[Start of section]

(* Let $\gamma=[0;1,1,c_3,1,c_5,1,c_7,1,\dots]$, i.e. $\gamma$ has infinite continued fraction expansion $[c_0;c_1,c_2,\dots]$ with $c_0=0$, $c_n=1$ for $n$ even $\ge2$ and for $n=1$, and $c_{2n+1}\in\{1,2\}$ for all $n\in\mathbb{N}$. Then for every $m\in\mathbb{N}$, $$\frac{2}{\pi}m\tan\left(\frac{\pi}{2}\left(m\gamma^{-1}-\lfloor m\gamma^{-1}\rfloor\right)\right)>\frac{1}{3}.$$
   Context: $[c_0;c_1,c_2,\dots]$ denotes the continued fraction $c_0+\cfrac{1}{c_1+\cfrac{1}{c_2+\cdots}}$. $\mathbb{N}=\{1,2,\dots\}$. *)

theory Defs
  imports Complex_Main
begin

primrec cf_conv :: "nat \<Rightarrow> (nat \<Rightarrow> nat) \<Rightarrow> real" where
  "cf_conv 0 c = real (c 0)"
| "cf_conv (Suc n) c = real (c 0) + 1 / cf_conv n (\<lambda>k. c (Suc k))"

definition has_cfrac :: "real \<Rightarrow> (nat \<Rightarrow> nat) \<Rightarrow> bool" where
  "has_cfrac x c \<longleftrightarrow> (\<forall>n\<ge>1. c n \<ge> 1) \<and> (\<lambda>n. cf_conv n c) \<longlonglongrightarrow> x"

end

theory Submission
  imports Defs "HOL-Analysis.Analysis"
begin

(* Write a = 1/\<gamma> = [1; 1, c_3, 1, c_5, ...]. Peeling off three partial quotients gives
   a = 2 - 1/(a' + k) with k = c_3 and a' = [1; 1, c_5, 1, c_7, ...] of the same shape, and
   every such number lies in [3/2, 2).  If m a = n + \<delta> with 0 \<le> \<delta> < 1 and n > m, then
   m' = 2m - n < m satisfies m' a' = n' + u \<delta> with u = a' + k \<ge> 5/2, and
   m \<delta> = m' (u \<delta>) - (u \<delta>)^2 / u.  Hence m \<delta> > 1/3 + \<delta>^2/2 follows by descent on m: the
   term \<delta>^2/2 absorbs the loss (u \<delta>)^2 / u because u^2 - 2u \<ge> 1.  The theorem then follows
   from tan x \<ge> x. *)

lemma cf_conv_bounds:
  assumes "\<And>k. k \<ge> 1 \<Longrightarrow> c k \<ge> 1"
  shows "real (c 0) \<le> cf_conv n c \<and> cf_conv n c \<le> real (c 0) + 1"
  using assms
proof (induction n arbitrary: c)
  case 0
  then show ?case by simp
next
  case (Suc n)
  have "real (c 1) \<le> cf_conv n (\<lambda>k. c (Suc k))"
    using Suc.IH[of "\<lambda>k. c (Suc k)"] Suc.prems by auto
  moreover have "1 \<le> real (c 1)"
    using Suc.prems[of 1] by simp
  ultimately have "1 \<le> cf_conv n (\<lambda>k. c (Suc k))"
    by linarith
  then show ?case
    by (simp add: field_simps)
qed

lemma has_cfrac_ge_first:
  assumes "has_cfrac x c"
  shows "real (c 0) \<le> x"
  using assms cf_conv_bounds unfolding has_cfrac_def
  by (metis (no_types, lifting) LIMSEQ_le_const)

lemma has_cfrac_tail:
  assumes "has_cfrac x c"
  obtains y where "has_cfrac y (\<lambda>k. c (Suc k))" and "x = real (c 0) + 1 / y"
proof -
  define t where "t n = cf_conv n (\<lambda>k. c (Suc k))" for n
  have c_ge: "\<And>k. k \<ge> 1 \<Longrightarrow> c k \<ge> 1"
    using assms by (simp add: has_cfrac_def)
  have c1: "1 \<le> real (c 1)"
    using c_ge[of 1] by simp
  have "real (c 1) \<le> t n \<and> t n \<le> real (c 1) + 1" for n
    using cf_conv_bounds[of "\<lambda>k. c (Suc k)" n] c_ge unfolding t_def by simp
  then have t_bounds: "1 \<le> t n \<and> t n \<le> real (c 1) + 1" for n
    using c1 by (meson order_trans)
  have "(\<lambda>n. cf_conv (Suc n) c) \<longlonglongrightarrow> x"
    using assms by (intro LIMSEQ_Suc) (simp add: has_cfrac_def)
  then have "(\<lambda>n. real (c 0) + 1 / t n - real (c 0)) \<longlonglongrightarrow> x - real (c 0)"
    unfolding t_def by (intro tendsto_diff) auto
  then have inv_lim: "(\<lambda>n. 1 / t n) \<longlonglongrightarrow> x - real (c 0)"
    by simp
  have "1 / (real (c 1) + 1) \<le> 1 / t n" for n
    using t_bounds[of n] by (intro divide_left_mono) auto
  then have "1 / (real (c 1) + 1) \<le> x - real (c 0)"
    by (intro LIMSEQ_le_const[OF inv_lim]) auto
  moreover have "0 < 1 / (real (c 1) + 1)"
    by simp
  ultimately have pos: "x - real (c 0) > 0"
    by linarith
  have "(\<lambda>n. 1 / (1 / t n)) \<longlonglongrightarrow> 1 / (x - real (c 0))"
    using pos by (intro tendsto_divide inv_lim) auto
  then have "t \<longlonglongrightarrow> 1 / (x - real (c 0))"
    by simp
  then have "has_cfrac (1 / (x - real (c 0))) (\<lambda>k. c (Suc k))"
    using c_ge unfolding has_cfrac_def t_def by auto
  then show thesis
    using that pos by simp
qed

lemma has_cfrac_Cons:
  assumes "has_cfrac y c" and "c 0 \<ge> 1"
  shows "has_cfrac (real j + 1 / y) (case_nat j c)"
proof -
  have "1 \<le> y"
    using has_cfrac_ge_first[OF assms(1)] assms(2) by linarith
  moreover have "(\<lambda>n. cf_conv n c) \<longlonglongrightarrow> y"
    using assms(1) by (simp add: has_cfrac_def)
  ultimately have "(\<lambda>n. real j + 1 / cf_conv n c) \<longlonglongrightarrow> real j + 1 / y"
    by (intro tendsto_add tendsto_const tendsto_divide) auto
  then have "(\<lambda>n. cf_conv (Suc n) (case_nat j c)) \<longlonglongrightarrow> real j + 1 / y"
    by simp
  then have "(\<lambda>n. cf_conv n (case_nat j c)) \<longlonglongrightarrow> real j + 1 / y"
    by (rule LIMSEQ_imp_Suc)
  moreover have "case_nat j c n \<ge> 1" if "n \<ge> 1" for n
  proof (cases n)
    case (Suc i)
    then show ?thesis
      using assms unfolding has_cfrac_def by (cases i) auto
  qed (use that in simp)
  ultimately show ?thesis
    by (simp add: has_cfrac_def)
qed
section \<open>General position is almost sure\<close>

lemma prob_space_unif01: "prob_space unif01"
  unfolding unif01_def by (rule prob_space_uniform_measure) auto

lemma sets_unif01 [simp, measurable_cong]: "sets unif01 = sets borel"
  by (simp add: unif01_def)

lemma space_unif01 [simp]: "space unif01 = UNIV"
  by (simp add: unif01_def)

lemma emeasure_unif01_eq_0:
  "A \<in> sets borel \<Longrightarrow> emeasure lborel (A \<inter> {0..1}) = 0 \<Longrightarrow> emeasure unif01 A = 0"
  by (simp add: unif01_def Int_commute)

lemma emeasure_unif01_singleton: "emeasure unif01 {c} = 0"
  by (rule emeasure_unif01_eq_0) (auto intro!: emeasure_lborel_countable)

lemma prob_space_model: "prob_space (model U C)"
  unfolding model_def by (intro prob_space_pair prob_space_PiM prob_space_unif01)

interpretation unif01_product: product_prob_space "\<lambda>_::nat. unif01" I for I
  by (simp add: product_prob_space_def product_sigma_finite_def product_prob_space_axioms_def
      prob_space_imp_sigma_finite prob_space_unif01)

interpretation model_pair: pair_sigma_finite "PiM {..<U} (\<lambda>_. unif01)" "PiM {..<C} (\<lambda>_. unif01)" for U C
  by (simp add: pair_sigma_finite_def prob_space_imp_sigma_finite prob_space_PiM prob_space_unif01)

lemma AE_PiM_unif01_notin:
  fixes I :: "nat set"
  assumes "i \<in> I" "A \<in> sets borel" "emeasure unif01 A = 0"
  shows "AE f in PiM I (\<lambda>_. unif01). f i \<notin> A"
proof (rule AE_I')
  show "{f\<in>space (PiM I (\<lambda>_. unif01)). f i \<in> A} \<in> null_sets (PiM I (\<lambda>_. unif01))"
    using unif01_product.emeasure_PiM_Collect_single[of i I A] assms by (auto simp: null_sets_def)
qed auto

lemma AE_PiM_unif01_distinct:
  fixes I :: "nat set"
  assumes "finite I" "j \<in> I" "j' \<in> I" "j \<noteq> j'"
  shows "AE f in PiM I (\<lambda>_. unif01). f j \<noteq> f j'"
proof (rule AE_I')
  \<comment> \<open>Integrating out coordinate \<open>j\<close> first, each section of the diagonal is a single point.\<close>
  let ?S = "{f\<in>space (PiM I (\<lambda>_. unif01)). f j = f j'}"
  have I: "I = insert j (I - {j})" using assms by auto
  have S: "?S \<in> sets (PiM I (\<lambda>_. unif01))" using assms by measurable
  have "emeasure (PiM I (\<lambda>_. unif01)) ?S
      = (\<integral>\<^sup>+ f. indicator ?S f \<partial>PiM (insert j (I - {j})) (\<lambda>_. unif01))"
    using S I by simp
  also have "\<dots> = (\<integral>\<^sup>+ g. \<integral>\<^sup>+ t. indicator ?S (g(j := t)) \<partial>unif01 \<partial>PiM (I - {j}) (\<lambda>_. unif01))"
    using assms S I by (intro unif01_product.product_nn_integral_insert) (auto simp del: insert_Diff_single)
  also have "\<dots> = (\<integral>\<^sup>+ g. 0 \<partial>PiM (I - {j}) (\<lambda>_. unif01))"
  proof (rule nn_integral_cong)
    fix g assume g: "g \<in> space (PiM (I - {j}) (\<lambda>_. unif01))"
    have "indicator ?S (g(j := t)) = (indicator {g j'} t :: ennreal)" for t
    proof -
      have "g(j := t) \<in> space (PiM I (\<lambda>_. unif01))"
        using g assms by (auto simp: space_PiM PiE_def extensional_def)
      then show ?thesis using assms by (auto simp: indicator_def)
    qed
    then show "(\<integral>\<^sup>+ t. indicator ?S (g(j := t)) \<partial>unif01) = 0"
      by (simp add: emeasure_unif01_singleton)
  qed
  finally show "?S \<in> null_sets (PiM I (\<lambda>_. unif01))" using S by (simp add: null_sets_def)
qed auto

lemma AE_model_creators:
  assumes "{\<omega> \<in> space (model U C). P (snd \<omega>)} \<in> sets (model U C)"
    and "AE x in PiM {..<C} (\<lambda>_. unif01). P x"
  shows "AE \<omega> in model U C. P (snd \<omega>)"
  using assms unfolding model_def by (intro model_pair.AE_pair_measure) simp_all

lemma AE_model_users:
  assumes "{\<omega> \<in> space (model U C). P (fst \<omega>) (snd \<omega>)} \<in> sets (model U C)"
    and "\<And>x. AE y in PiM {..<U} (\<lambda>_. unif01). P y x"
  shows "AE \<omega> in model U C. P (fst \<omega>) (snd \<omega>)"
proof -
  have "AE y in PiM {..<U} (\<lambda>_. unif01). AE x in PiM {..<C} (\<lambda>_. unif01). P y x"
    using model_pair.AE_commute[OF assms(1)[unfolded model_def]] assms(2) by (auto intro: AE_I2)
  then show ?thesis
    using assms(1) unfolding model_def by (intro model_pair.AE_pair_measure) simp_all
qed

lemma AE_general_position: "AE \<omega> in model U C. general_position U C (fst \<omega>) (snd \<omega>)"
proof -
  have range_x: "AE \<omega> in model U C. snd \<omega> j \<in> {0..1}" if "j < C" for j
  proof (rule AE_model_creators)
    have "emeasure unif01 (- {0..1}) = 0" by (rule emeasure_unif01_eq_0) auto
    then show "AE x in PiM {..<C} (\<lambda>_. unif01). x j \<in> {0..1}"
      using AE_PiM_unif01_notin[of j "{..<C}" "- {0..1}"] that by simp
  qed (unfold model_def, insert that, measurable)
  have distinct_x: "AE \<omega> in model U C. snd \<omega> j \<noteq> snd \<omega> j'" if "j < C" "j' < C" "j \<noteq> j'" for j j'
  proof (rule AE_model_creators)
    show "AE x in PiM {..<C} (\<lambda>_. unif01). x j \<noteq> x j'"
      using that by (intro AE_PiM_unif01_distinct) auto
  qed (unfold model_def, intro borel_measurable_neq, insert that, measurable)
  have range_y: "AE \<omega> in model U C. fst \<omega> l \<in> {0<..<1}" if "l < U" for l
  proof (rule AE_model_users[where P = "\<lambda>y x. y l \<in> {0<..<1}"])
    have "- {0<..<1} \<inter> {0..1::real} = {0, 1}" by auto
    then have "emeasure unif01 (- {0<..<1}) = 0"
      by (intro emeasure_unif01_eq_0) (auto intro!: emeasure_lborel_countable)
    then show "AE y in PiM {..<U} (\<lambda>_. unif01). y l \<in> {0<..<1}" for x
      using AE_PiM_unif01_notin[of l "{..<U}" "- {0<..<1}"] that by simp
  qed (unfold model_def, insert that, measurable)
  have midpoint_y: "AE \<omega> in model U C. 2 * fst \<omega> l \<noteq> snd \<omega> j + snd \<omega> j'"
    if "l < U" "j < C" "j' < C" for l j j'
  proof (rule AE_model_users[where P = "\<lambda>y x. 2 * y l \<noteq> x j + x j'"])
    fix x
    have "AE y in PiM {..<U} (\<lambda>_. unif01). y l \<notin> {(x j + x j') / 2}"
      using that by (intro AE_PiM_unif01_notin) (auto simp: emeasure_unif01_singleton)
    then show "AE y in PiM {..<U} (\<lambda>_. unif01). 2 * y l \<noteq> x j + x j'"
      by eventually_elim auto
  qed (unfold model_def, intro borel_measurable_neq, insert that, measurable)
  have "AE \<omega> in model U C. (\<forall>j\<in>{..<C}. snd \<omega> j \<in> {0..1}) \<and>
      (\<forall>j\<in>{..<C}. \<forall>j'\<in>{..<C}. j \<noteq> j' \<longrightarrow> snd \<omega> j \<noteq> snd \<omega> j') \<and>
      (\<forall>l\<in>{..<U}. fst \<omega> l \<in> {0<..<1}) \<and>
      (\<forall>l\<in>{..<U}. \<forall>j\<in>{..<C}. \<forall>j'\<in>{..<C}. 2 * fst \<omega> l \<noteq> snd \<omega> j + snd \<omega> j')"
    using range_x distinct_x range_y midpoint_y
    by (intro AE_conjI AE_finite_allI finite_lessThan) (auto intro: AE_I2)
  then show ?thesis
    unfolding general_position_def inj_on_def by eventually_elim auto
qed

[End of section]

All lines in the listing above between the line with "unfolding unif01_def by" and the line with "prob_space_imp_sigma_finite prob_space_unif01)", inclusive, should be set down exactly, and no line outside that range.

  unfolding unif01_def by (rule prob_space_uniform_measure) auto

lemma sets_unif01 [simp, measurable_cong]: "sets unif01 = sets borel"
  by (simp add: unif01_def)

lemma space_unif01 [simp]: "space unif01 = UNIV"
  by (simp add: unif01_def)

lemma emeasure_unif01_eq_0:
  "A \<in> sets borel \<Longrightarrow> emeasure lborel (A \<inter> {0..1}) = 0 \<Longrightarrow> emeasure unif01 A = 0"
  by (simp add: unif01_def Int_commute)

lemma emeasure_unif01_singleton: "emeasure unif01 {c} = 0"
  by (rule emeasure_unif01_eq_0) (auto intro!: emeasure_lborel_countable)

lemma prob_space_model: "prob_space (model U C)"
  unfolding model_def by (intro prob_space_pair prob_space_PiM prob_space_unif01)

interpretation unif01_product: product_prob_space "\<lambda>_::nat. unif01" I for I
  by (simp add: product_prob_space_def product_sigma_finite_def product_prob_space_axioms_def
      prob_space_imp_sigma_finite prob_space_unif01)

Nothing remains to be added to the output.